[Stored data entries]
(* Let $L:\mathbb{R}^n\times\mathbb{R}^n\to\mathbb{R}$ be smooth and $\tau>0$. Consider the midpoint scheme (Lagrangian form) $$\frac{p_{k+1}-p_k}{\tau}=D_1L\Big(\frac{q_{k+1}+q_k}{2},\frac{q_{k+1}-q_k}{\tau}\Big),\qquad \frac{p_{k+1}+p_k}{2}=D_2L\Big(\frac{q_{k+1}+q_k}{2},\frac{q_{k+1}-q_k}{\tau}\Big).$$ Let $W\subset\mathbb{R}^{2n}$ be open and $F:W\to\mathbb{R}^{2n}$ smooth such that for every $(q_k,p_k)\in W$, $(q_{k+1},p_{k+1})=F(q_k,p_k)$ satisfies these equations. Then $F$ is symplectic: $F^*\big(\sum_i dp_i\wedge dq^i\big)=\sum_i dp_i\wedge dq^i$.
   Context: $D_1L$, $D_2L$ denote the partial derivatives of $L(q,v)$ with respect to $q$ and $v$. *)

theory Defs
  imports "HOL-Analysis.Analysis"
begin

fun k_smooth_on :: "nat \<Rightarrow> 'a::real_normed_vector set \<Rightarrow> ('a \<Rightarrow> 'b::real_normed_vector) \<Rightarrow> bool" where
  "k_smooth_on 0 S f = continuous_on S f"
| "k_smooth_on (Suc k) S f =
     (f differentiable_on S \<and> (\<forall>v. k_smooth_on k S (\<lambda>x. frechet_derivative f (at x) v)))"

definition smooth_on :: "'a::real_normed_vector set \<Rightarrow> ('a \<Rightarrow> 'b::real_normed_vector) \<Rightarrow> bool" where
  "smooth_on S f \<longleftrightarrow> (\<forall>k. k_smooth_on k S f)"

definition D1 :: "((real^'n) \<times> (real^'n) \<Rightarrow> real) \<Rightarrow> real^'n \<Rightarrow> real^'n \<Rightarrow> real^'n" where
  "D1 L q v = (\<chi> i. frechet_derivative (\<lambda>x. L (x, v)) (at q) (axis i 1))"

definition D2 :: "((real^'n) \<times> (real^'n) \<Rightarrow> real) \<Rightarrow> real^'n \<Rightarrow> real^'n \<Rightarrow> real^'n" where
  "D2 L q v = (\<chi> i. frechet_derivative (\<lambda>x. L (q, x)) (at v) (axis i 1))"

text \<open>The canonical 2-form sum_i dp_i wedge dq^i on R^n x R^n (points written (q,p)).\<close>
definition omega :: "(real^'n) \<times> (real^'n) \<Rightarrow> (real^'n) \<times> (real^'n) \<Rightarrow> real" where
  "omega u w = (\<Sum>i\<in>UNIV. snd u $ i * fst w $ i - snd w $ i * fst u $ i)"

definition symplectic_on :: "((real^'n) \<times> (real^'n)) set \<Rightarrow> ((real^'n) \<times> (real^'n) \<Rightarrow> (real^'n) \<times> (real^'n)) \<Rightarrow> bool" where
  "symplectic_on W F \<longleftrightarrow> (\<forall>x\<in>W. \<forall>u w.
      omega (frechet_derivative F (at x) u) (frechet_derivative F (at x) w) = omega u w)"

end

theory Submission
  imports Defs
begin

text \<open>Write \<open>v = ((q' + q)/2, (q' - q)/\<tau>)\<close> and \<open>m = ((p' - p)/\<tau>, (p' + p)/2)\<close>, where
  \<open>(q', p') = F (q, p)\<close>. The scheme says exactly that \<open>m\<close> is the gradient of \<open>L\<close> at \<open>v\<close>.
  For tangent vectors \<open>u, w\<close> an elementary computation gives
  \<open>\<omega>(F'u, F'w) - \<omega>(u, w) = \<tau> (\<langle>m'u, v'w\<rangle> - \<langle>m'w, v'u\<rangle>)\<close>, while differentiating the scheme
  gives \<open>\<langle>m'u, h\<rangle> = D\<^sup>2L(v)(v'u, h)\<close>. Hence the defect of symplecticity is \<open>\<tau>\<close> times the
  antisymmetric part of the Hessian of \<open>L\<close>, which vanishes by the symmetry of second
  derivatives; the latter follows from the mean value theorem applied twice to a second difference.\<close>

lemma smooth_on_frechet_derivative:
  "smooth_on S f \<Longrightarrow> smooth_on S (\<lambda>x. frechet_derivative f (at x) v)"
  unfolding smooth_on_def by (metis k_smooth_on.simps(2))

• What is expected
Every entry above should be transcribed exactly and in full.

• Worked solution
(* Let $L:\mathbb{R}^n\times\mathbb{R}^n\to\mathbb{R}$ be smooth and $\tau>0$. Consider the midpoint scheme (Lagrangian form) $$\frac{p_{k+1}-p_k}{\tau}=D_1L\Big(\frac{q_{k+1}+q_k}{2},\frac{q_{k+1}-q_k}{\tau}\Big),\qquad \frac{p_{k+1}+p_k}{2}=D_2L\Big(\frac{q_{k+1}+q_k}{2},\frac{q_{k+1}-q_k}{\tau}\Big).$$ Let $W\subset\mathbb{R}^{2n}$ be open and $F:W\to\mathbb{R}^{2n}$ smooth such that for every $(q_k,p_k)\in W$, $(q_{k+1},p_{k+1})=F(q_k,p_k)$ satisfies these equations. Then $F$ is symplectic: $F^*\big(\sum_i dp_i\wedge dq^i\big)=\sum_i dp_i\wedge dq^i$.
   Context: $D_1L$, $D_2L$ denote the partial derivatives of $L(q,v)$ with respect to $q$ and $v$. *)

theory Defs
  imports "HOL-Analysis.Analysis"
begin

fun k_smooth_on :: "nat \<Rightarrow> 'a::real_normed_vector set \<Rightarrow> ('a \<Rightarrow> 'b::real_normed_vector) \<Rightarrow> bool" where
  "k_smooth_on 0 S f = continuous_on S f"
| "k_smooth_on (Suc k) S f =
     (f differentiable_on S \<and> (\<forall>v. k_smooth_on k S (\<lambda>x. frechet_derivative f (at x) v)))"

definition smooth_on :: "'a::real_normed_vector set \<Rightarrow> ('a \<Rightarrow> 'b::real_normed_vector) \<Rightarrow> bool" where
  "smooth_on S f \<longleftrightarrow> (\<forall>k. k_smooth_on k S f)"

definition D1 :: "((real^'n) \<times> (real^'n) \<Rightarrow> real) \<Rightarrow> real^'n \<Rightarrow> real^'n \<Rightarrow> real^'n" where
  "D1 L q v = (\<chi> i. frechet_derivative (\<lambda>x. L (x, v)) (at q) (axis i 1))"

definition D2 :: "((real^'n) \<times> (real^'n) \<Rightarrow> real) \<Rightarrow> real^'n \<Rightarrow> real^'n \<Rightarrow> real^'n" where
  "D2 L q v = (\<chi> i. frechet_derivative (\<lambda>x. L (q, x)) (at v) (axis i 1))"

text \<open>The canonical 2-form sum_i dp_i wedge dq^i on R^n x R^n (points written (q,p)).\<close>
definition omega :: "(real^'n) \<times> (real^'n) \<Rightarrow> (real^'n) \<times> (real^'n) \<Rightarrow> real" where
  "omega u w = (\<Sum>i\<in>UNIV. snd u $ i * fst w $ i - snd w $ i * fst u $ i)"

definition symplectic_on :: "((real^'n) \<times> (real^'n)) set \<Rightarrow> ((real^'n) \<times> (real^'n) \<Rightarrow> (real^'n) \<times> (real^'n)) \<Rightarrow> bool" where
  "symplectic_on W F \<longleftrightarrow> (\<forall>x\<in>W. \<forall>u w.
      omega (frechet_derivative F (at x) u) (frechet_derivative F (at x) w) = omega u w)"

end

theory Submission
  imports Defs
begin

text \<open>Write \<open>v = ((q' + q)/2, (q' - q)/\<tau>)\<close> and \<open>m = ((p' - p)/\<tau>, (p' + p)/2)\<close>, where
  \<open>(q', p') = F (q, p)\<close>. The scheme says exactly that \<open>m\<close> is the gradient of \<open>L\<close> at \<open>v\<close>.
  For tangent vectors \<open>u, w\<close> an elementary computation gives
  \<open>\<omega>(F'u, F'w) - \<omega>(u, w) = \<tau> (\<langle>m'u, v'w\<rangle> - \<langle>m'w, v'u\<rangle>)\<close>, while differentiating the scheme
  gives \<open>\<langle>m'u, h\<rangle> = D\<^sup>2L(v)(v'u, h)\<close>. Hence the defect of symplecticity is \<open>\<tau>\<close> times the
  antisymmetric part of the Hessian of \<open>L\<close>, which vanishes by the symmetry of second
  derivatives; the latter follows from the mean value theorem applied twice to a second difference.\<close>

lemma smooth_on_frechet_derivative:
  "smooth_on S f \<Longrightarrow> smooth_on S (\<lambda>x. frechet_derivative f (at x) v)"
  unfolding smooth_on_def by (metis k_smooth_on.simps(2))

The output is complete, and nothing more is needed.